No matter which route you choose, there’s a limited time frame (often up to 30 days) between when you leave your job and when your coverage will terminate, so it’s helpful to have a plan in advance.
Port your life insurance policy
How does it work?
Your group coverage might be portable — meaning you can keep the coverage if you begin paying the premiums directly to the insurance company, instead of having your employer pay them. Your benefits manager should be able to let you know the necessary steps and paperwork to complete to pursue this route.
Pros
You get to keep your coverage. By porting your policy, you can keep the same coverage you had through your employer with minimal changes to your policy.
No additional health requirements. Generally, if your coverage is portable, you won’t have to take a medical exam or meet other health requirements.
Learn more about how to transfer a life insurance policy
Cons
You may pay more in premiums. It’s possible that your policy might cost more than what you’d pay if you bought a new life insurance policy independently.
You may need to renew each year. Some portable policies become annual renewable term life insurance, which means you’ll need to renew each year at a slightly higher premium.
Convert your group life insurance policy
How does it work?
In some cases, you can convert your group term life insurance into an individual, whole life insurance policy. You may be able to do this directly with the insurer, or you might need to port your coverage first, and then convert it — it depends on the original policy.
Pros
You get to keep your coverage. This option means that you’ll keep the same amount of coverage you had through your original employer. You usually don’t have to take a medical exam in this case, either.
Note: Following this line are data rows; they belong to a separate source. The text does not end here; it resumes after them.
theorem ekeland_variational_principle:
  fixes \<psi> :: "'a::complete_space \<Rightarrow> real"
  assumes closed: "\<And>T. closed {u \<in> D. \<psi> u \<le> T}" and nonneg: "\<And>u. u \<in> D \<Longrightarrow> 0 \<le> \<psi> u"
    and u0: "u0 \<in> D" and lam: "lam > 0"
  shows "\<exists>v\<in>D. \<psi> v + lam * dist v u0 \<le> \<psi> u0 \<and> (\<forall>u\<in>D. \<psi> v \<le> \<psi> u + lam * dist u v)"
proof -
  define S where "S = ekeland_set \<psi> D lam"
  obtain x C where x0: "x 0 = u0" and xD: "\<And>n. x n \<in> D" and step: "\<And>n. x (Suc n) \<in> S (x n)"
    and diam: "\<And>n u w. u \<in> S (x n) \<Longrightarrow> w \<in> S (x n) \<Longrightarrow> dist u w \<le> C / 2 ^ n"
    using ekeland_shrinking_sequence[of D \<psi>, OF nonneg u0 lam] unfolding S_def by blast
  have trans: "u \<in> S w \<Longrightarrow> S u \<subseteq> S w" for u w
    using ekeland_set_trans[of lam u \<psi> D w] lam by (simp add: S_def)
  have nested: "S (x (Suc n)) \<subseteq> S (x n)" for n using trans[OF step] .
  have "\<exists>v. \<Inter>(range (\<lambda>n. S (x n))) = {v}"
  proof (rule decreasing_closed_nest_sing)
    show "closed (S (x n))" "S (x n) \<noteq> {}" for n
      using closed_ekeland_set[OF closed] ekeland_set_self[OF xD[of n], of \<psi> lam] by (auto simp: S_def)
    show "S (x n) \<subseteq> S (x k)" if "k \<le> n" for k n
      using lift_Suc_antimono_le[of "\<lambda>n. S (x n)", OF nested that] .
    fix \<epsilon> :: real assume "\<epsilon> > 0"
    have "(\<lambda>n. C / 2 ^ n) \<longlonglongrightarrow> 0"
      by (intro tendsto_divide_0[OF tendsto_const]) (simp add: filterlim_realpow_sequentially_gt1)
    from order_tendstoD(2)[OF this \<open>\<epsilon> > 0\<close>] obtain n where "C / 2 ^ n < \<epsilon>"
      unfolding eventually_sequentially by blast
    then show "\<exists>n. \<forall>u\<in>S (x n). \<forall>w\<in>S (x n). dist u w < \<epsilon>"
      using diam by (meson le_less_trans)
  qed
  then obtain v where v: "\<Inter>(range (\<lambda>n. S (x n))) = {v}" by blast
  then have vS: "v \<in> S (x n)" for n by blast
  show ?thesis
  proof (intro bexI conjI ballI)
    show "v \<in> D" using vS[of 0] by (simp add: S_def ekeland_set_def)
    show "\<psi> v + lam * dist v u0 \<le> \<psi> u0" using vS[of 0] by (simp add: S_def ekeland_set_def x0)
    show "\<psi> v \<le> \<psi> u + lam * dist u v" if "u \<in> D" for u
    proof (rule ccontr)
      assume less: "\<not> \<psi> v \<le> \<psi> u + lam * dist u v"
      then have "u \<in> S v" using that by (simp add: S_def ekeland_set_def)
      then have "u \<in> \<Inter>(range (\<lambda>n. S (x n)))" using trans vS by blast
      then have "u = v" using v by blast
      then show False using less by simp
    qed
  qed
qed

section \<open>Extended-real convex functions and their subdifferentials\<close>

lemma convex_on_lipschitz_on:
  fixes p :: "'a::real_normed_vector \<Rightarrow> real"
  assumes p: "convex_on UNIV p" and \<xi>: "\<xi> \<ge> 0" and at_x: "\<And>u. \<bar>p u - p x\<bar> \<le> \<xi> * norm (u - x)"
  shows "\<xi>-lipschitz_on UNIV p"
proof -
  have one_sided: "p a - p b \<le> \<xi> * norm (a - b)" for a b
  proof (rule field_le_epsilon)
    fix \<delta> :: real assume "\<delta> > 0"
    \<comment> \<open>push a far out along the ray from b through a, where the bound at x applies\<close>
    define K where "K = p x - p b + \<xi> * norm (b - x)"
    define t where "t = max 1 (K / \<delta>)"
    define c where "c = b + t *\<^sub>R (a - b)"
    have t: "t \<ge> 1" by (simp add: t_def)
    have "K \<le> t * \<delta>" using \<open>\<delta> > 0\<close> by (simp add: t_def divide_le_eq max_def)
    then have Kt: "K / t \<le> \<delta>" using t by (simp add: divide_le_eq mult.commute)
    have "a = (1 - 1/t) *\<^sub>R b + (1/t) *\<^sub>R c"
      using t by (simp add: c_def algebra_simps)
    then have "p a \<le> (1 - 1/t) * p b + (1/t) * p c"
      using convex_onD[OF p, of "1/t" b c] t by simp
    then have "p a - p b \<le> (1/t) * (p c - p b)" by (simp add: algebra_simps)
    moreover have "norm (c - x) \<le> norm (b - x) + t * norm (a - b)"
    proof -
      have "c - x = (b - x) + t *\<^sub>R (a - b)" by (simp add: c_def algebra_simps)
      then show ?thesis using norm_triangle_ineq[of "b - x" "t *\<^sub>R (a - b)"] t by (simp only:) simp
    qed
    then have "\<xi> * norm (c - x) \<le> \<xi> * (norm (b - x) + t * norm (a - b))"
      by (rule mult_left_mono[OF _ \<xi>])
    then have "p c - p b \<le> K + \<xi> * t * norm (a - b)"
      using at_x[of c] unfolding K_def by (simp add: algebra_simps abs_le_iff)
    ultimately have "p a - p b \<le> (1/t) * (K + \<xi> * t * norm (a - b))"
      using t by (smt (verit) divide_pos_pos mult_left_mono)
    also have "\<dots> = K / t + \<xi> * norm (a - b)" using t by (simp add: field_simps)
    finally show "p a - p b \<le> \<xi> * norm (a - b) + \<delta>" using Kt by linarith
  qed
  then have "dist (p a) (p b) \<le> \<xi> * dist a b" for a b
    using one_sided[of a b] one_sided[of b a] by (simp add: dist_real_def dist_norm abs_le_iff norm_minus_commute)
  then show ?thesis using \<xi> by (intro lipschitz_onI)
qed

lemma convex_funD:
  assumes "convex_fun f" "f a \<le> ereal A" "f b \<le> ereal B" "0 \<le> t" "t \<le> 1"
  shows "f ((1 - t) *\<^sub>R a + t *\<^sub>R b) \<le> ereal ((1 - t) * A + t * B)"
proof -
  have "(1 - t) *\<^sub>R (a, A) + t *\<^sub>R (b, B) \<in> {(x, s). f x \<le> ereal s}"
    using assms by (intro convexD_alt[where s = "{(x, s). f x \<le> ereal s}"]) (auto simp: convex_fun_def)
  then show ?thesis by simp
qed

lemma convex_funI:
  assumes "\<And>a b A B t. f a \<le> ereal A \<Longrightarrow> f b \<le> ereal B \<Longrightarrow> 0 \<le> t \<Longrightarrow> t \<le> 1 \<Longrightarrow>
             f ((1 - t) *\<^sub>R a + t *\<^sub>R b) \<le> ereal ((1 - t) * A + t * B)"
  shows "convex_fun f"
  unfolding convex_fun_def
proof (rule convexI)
  fix z1 z2 :: "'a \<times> real" and s1 s2 :: real
  assume "z1 \<in> {(x, s). f x \<le> ereal s}" "z2 \<in> {(x, s). f x \<le> ereal s}" "0 \<le> s1" "0 \<le> s2" "s1 + s2 = 1"
  moreover obtain a A b B where "z1 = (a, A)" "z2 = (b, B)" by fastforce
  moreover have "s1 = 1 - s2" using \<open>s1 + s2 = 1\<close> by simp
  ultimately show "s1 *\<^sub>R z1 + s2 *\<^sub>R z2 \<in> {(x, s). f x \<le> ereal s}"
    using assms[of a A b B s2] by simp
qed

lemma convex_fun_add:
  assumes f: "convex_fun f" and p: "convex_on UNIV p"
  shows "convex_fun (\<lambda>u. f u + ereal (p u))"
proof (rule convex_funI)
  fix a b A B and t :: real
  assume le: "f a + ereal (p a) \<le> ereal A" "f b + ereal (p b) \<le> ereal B" and t: "0 \<le> t" "t \<le> 1"
  have "f a \<le> ereal (A - p a)" "f b \<le> ereal (B - p b)"
    using le by (cases "f a"; cases "f b"; simp)+
  from convex_funD[OF f this t]
  have "f ((1 - t) *\<^sub>R a + t *\<^sub>R b) \<le> ereal ((1 - t) * (A - p a) + t * (B - p b))" .
  moreover have "p ((1 - t) *\<^sub>R a + t *\<^sub>R b) \<le> (1 - t) * p a + t * p b"
    using convex_onD[OF p t] by simp
  ultimately show "f ((1 - t) *\<^sub>R a + t *\<^sub>R b) + ereal (p ((1 - t) *\<^sub>R a + t *\<^sub>R b))
      \<le> ereal ((1 - t) * A + t * B)"
    by (cases "f ((1 - t) *\<^sub>R a + t *\<^sub>R b)") (auto simp: algebra_simps)
qed

lemma convex_fun_local_slope_imp_global:
  fixes g :: "'a::real_normed_vector \<Rightarrow> ereal"
  assumes g: "convex_fun g" and gv: "g v = ereal c" and r: "r > 0"
    and local: "\<And>w. norm (w - v) < r \<Longrightarrow> ereal (c - lam * norm (w - v)) \<le> g w"
  shows "ereal (c - lam * norm (u - v)) \<le> g u"
proof -
  have "c - lam * norm (u - v) \<le> B" if B: "g u \<le> ereal B" for B
  proof (cases "u = v")
    case True
    then show ?thesis using B gv by simp
  next
    case False
    define t where "t = min 1 (r / (2 * norm (u - v)))"
    have t: "0 < t" "t \<le> 1" "t * norm (u - v) < r"
      using False r by (auto simp: t_def min_def field_simps)
    define w where "w = (1 - t) *\<^sub>R v + t *\<^sub>R u"
    have wv: "norm (w - v) = t * norm (u - v)"
      using t by (simp add: w_def algebra_simps flip: scaleR_diff_right)
    have "ereal (c - lam * (t * norm (u - v))) \<le> g w"
      using local[of w] wv t(3) by simp
    also have "g w \<le> ereal ((1 - t) * c + t * B)"
      unfolding w_def using convex_funD[OF g _ B, of v c t] gv t by simp
    finally have "t * (c - lam * norm (u - v)) \<le> t * B" by (simp add: algebra_simps)
    then show ?thesis using t(1) by simp
  qed
  then show ?thesis
  proof (cases "g u")
    case MInf
    with \<open>\<And>B. g u \<le> ereal B \<Longrightarrow> _\<close>[of "c - lam * norm (u - v) - 1"] show ?thesis by simp
  qed simp_all
qed

lemma subdiff_closed: "closed (subdiff f x)"
proof (cases "\<bar>f x\<bar> = \<infinity>")
  case True
  then show ?thesis by (simp add: subdiff_def)
next
  case False
  then have "subdiff f x = (\<Inter>u. {xs. ereal (blinfun_apply xs (u - x)) \<le> f u - f x})"
    by (auto simp: subdiff_def)
  moreover have "closed {xs. ereal (blinfun_apply xs (u - x)) \<le> f u - f x}" for u
    by (intro closed_Collect_le continuous_on_ereal continuous_intros)
  ultimately show ?thesis by auto
qed

lemma convex_on_finite_part:
  fixes f :: "'a::real_vector \<Rightarrow> ereal"
  assumes f: "convex_fun f" and ninf: "\<And>u. f u \<noteq> -\<infinity>"
  shows "convex_on {w. f (v + w) < \<infinity>} (\<lambda>w. real_of_ereal (f (v + w)))"
proof -
  define D where "D = {w. f (v + w) < \<infinity>}"
  have fin: "f (v + w) = ereal (real_of_ereal (f (v + w)))" if "w \<in> D" for w
    using that ninf[of "v + w"] by (cases "f (v + w)") (auto simp: D_def)
  have comb: "f (v + ((1 - t) *\<^sub>R w1 + t *\<^sub>R w2))
      \<le> ereal ((1 - t) * real_of_ereal (f (v + w1)) + t * real_of_ereal (f (v + w2)))"
    if "w1 \<in> D" "w2 \<in> D" "0 \<le> t" "t \<le> 1" for w1 w2 t
  proof -
    have "v + ((1 - t) *\<^sub>R w1 + t *\<^sub>R w2) = (1 - t) *\<^sub>R (v + w1) + t *\<^sub>R (v + w2)"
      by (simp add: algebra_simps)
    then show ?thesis using convex_funD[OF f _ _ that(3,4)] fin that(1,2) by (metis order_refl)
  qed
  have D_comb: "(1 - t) *\<^sub>R w1 + t *\<^sub>R w2 \<in> D"
    if "w1 \<in> D" "w2 \<in> D" "0 \<le> t" "t \<le> 1" for w1 w2 t
    using comb[OF that] by (auto simp: D_def)
  have "convex_on D (\<lambda>w. real_of_ereal (f (v + w)))"
  proof (rule convex_onI)
    show "convex D" unfolding convex_alt using D_comb by blast
    fix t :: real and w1 w2 assume t: "0 < t" "t < 1" and w: "w1 \<in> D" "w2 \<in> D"
    from t have "0 \<le> t" "t \<le> 1" by linarith+
    from comb[OF w this] fin[OF D_comb[OF w this]]
    show "real_of_ereal (f (v + ((1 - t) *\<^sub>R w1 + t *\<^sub>R w2)))
        \<le> (1 - t) * real_of_ereal (f (v + w1)) + t * real_of_ereal (f (v + w2))"
      by (metis ereal_less_eq(3))
  qed
  then show ?thesis by (simp add: D_def)
qed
Permanent life insurance doesn’t expire. Whole life and other permanent policies last for the rest of your lifetime, so you won’t have to worry about the coverage lapsing or expiring in the future.
Cons
Expensive premiums. Permanent life insurance is significantly more expensive than term life, so you’ll be paying more in premiums for the same amount of coverage.
Buy your own private life insurance policy
How does it work?
You can buy a private life insurance policy at any time — on your own, through a broker, or through an agent. Once the insurance company of your choice approves you for coverage, you’ll be able to keep your policy no matter how many times you switch jobs.
Pros
Consistent coverage. You won’t have to worry about losing coverage when you change employers in the future. Your private policy will last as long as you keep paying your premiums — or through the length of the term.
Affordable. A private life insurance policy is oftentimes cheaper than porting or converting your work coverage, but it ultimately depends on your health profile. A 30-year-old in good health could pay as little as $26 per month for a 20-year term life insurance policy with a $500,000 payout.
Cons
You may have to take a medical exam. This is a common part of the application process for private life insurance, even though it’s not required for group coverage. However, the exam is free and a medical practitioner can meet you at your home or office — and if you’re young and have just one or two mild health conditions, you might be able to skip this step and be eligible for a no-exam life insurance policy
There’s often a waiting period. It can take up to four to six weeks for an insurer to approve you for coverage, so you might have a coverage gap if you wait to apply until after your employer’s policy expires.